◆ **What is required**
Return each line of the entries that mentions the word "imports".

[Collected data]
*** Begin section ***
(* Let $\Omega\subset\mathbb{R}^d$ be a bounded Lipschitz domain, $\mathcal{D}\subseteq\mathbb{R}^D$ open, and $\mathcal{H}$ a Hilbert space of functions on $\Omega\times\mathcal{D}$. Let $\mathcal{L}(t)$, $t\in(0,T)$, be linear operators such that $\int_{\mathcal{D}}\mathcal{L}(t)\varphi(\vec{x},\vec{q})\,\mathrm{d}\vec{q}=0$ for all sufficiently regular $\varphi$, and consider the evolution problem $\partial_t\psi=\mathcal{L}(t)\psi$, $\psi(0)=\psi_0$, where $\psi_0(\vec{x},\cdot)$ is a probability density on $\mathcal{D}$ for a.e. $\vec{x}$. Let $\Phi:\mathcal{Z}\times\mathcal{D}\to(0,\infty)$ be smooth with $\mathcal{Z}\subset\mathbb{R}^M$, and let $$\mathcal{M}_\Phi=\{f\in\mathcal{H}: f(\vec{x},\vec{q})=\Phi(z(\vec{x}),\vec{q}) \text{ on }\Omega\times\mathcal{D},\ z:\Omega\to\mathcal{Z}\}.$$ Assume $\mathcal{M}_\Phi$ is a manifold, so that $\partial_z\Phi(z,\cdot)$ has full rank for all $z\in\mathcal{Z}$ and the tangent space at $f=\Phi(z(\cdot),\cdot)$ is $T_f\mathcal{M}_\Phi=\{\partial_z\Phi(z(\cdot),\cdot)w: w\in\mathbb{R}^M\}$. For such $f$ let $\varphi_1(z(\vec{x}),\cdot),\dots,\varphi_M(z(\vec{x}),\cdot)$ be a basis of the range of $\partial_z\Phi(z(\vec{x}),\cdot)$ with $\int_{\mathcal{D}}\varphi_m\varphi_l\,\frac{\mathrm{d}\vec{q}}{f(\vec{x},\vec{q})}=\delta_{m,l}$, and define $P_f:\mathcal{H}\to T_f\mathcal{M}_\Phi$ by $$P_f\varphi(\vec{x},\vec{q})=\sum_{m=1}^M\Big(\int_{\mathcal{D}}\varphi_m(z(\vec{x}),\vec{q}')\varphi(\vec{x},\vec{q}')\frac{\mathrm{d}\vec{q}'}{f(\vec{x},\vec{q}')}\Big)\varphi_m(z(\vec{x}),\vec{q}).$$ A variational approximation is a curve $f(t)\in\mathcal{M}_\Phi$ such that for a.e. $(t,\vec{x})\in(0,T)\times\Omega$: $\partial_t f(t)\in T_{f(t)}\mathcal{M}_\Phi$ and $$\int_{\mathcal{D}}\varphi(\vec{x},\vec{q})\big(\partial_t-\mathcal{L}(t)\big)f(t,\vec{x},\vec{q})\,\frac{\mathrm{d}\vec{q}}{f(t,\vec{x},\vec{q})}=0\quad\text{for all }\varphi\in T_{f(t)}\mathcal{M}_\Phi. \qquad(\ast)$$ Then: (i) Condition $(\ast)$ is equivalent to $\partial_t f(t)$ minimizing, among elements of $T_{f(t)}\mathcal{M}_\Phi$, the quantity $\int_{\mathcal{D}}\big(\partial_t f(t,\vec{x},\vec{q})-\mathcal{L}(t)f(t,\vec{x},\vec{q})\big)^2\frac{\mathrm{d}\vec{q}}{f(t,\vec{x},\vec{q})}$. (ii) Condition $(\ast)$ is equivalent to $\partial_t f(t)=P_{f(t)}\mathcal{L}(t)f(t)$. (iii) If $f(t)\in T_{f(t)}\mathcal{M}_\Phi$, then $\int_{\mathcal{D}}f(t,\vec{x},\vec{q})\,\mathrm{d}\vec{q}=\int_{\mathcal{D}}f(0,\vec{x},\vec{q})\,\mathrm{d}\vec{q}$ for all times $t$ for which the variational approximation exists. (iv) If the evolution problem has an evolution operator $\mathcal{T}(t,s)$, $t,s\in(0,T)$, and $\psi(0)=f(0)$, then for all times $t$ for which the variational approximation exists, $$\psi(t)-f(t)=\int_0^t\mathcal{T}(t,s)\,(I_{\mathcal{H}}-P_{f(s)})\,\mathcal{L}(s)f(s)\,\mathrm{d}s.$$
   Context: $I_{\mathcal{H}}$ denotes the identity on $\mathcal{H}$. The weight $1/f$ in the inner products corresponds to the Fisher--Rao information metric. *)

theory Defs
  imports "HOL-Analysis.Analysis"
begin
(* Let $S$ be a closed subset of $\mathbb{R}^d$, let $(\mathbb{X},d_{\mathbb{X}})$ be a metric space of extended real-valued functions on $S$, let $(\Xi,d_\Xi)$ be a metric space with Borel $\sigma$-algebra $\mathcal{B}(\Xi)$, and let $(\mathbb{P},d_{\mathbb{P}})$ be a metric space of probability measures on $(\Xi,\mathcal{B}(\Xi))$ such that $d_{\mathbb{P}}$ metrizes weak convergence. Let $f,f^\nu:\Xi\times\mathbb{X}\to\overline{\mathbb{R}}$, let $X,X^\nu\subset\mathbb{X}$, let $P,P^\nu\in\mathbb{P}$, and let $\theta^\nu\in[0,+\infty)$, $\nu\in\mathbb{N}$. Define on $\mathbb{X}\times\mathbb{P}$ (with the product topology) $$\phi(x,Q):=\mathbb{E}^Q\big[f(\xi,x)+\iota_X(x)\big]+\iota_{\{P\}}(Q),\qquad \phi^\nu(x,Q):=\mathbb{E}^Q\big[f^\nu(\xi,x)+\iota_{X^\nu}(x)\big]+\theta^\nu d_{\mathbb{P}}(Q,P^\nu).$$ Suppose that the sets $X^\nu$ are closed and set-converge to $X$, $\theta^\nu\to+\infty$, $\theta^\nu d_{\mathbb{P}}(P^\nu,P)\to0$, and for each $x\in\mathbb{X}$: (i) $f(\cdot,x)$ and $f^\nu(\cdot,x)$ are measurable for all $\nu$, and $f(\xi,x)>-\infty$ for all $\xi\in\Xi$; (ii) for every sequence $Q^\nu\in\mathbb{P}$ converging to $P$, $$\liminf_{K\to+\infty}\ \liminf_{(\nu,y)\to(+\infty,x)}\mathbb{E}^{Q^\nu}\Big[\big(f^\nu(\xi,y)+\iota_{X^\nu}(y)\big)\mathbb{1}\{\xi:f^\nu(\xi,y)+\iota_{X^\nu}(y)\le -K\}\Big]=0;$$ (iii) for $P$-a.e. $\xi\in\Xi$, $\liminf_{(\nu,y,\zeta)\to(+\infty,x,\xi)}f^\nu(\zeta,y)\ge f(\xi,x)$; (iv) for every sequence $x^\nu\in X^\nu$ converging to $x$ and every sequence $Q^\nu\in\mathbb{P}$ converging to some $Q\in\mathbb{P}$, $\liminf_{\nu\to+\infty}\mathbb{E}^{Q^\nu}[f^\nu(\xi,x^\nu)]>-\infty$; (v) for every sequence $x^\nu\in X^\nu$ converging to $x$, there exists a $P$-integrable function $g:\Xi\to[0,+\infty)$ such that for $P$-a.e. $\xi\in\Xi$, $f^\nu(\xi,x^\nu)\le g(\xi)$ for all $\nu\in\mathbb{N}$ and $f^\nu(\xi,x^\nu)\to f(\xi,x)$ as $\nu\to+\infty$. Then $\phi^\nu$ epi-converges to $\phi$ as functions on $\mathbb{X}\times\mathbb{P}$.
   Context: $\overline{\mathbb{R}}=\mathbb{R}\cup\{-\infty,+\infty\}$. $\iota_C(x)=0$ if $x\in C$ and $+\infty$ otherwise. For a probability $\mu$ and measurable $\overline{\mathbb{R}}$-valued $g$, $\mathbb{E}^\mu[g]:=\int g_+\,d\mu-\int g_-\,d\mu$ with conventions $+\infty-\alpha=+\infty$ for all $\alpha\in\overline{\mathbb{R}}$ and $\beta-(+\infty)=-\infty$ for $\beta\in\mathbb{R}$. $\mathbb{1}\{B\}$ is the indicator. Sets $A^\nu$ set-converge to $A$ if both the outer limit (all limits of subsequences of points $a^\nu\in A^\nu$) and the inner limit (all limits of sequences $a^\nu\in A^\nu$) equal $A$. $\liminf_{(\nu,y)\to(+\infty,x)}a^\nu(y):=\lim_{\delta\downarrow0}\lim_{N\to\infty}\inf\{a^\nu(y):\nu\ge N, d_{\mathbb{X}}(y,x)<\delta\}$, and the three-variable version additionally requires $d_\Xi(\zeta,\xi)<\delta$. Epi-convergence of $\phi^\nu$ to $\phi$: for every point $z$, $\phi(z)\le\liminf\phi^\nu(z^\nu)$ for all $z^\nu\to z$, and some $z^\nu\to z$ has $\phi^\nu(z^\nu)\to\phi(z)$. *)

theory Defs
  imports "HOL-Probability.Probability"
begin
*** End section ***
◆ **Answer to this task**
  imports "HOL-Analysis.Analysis"
  imports "HOL-Probability.Probability"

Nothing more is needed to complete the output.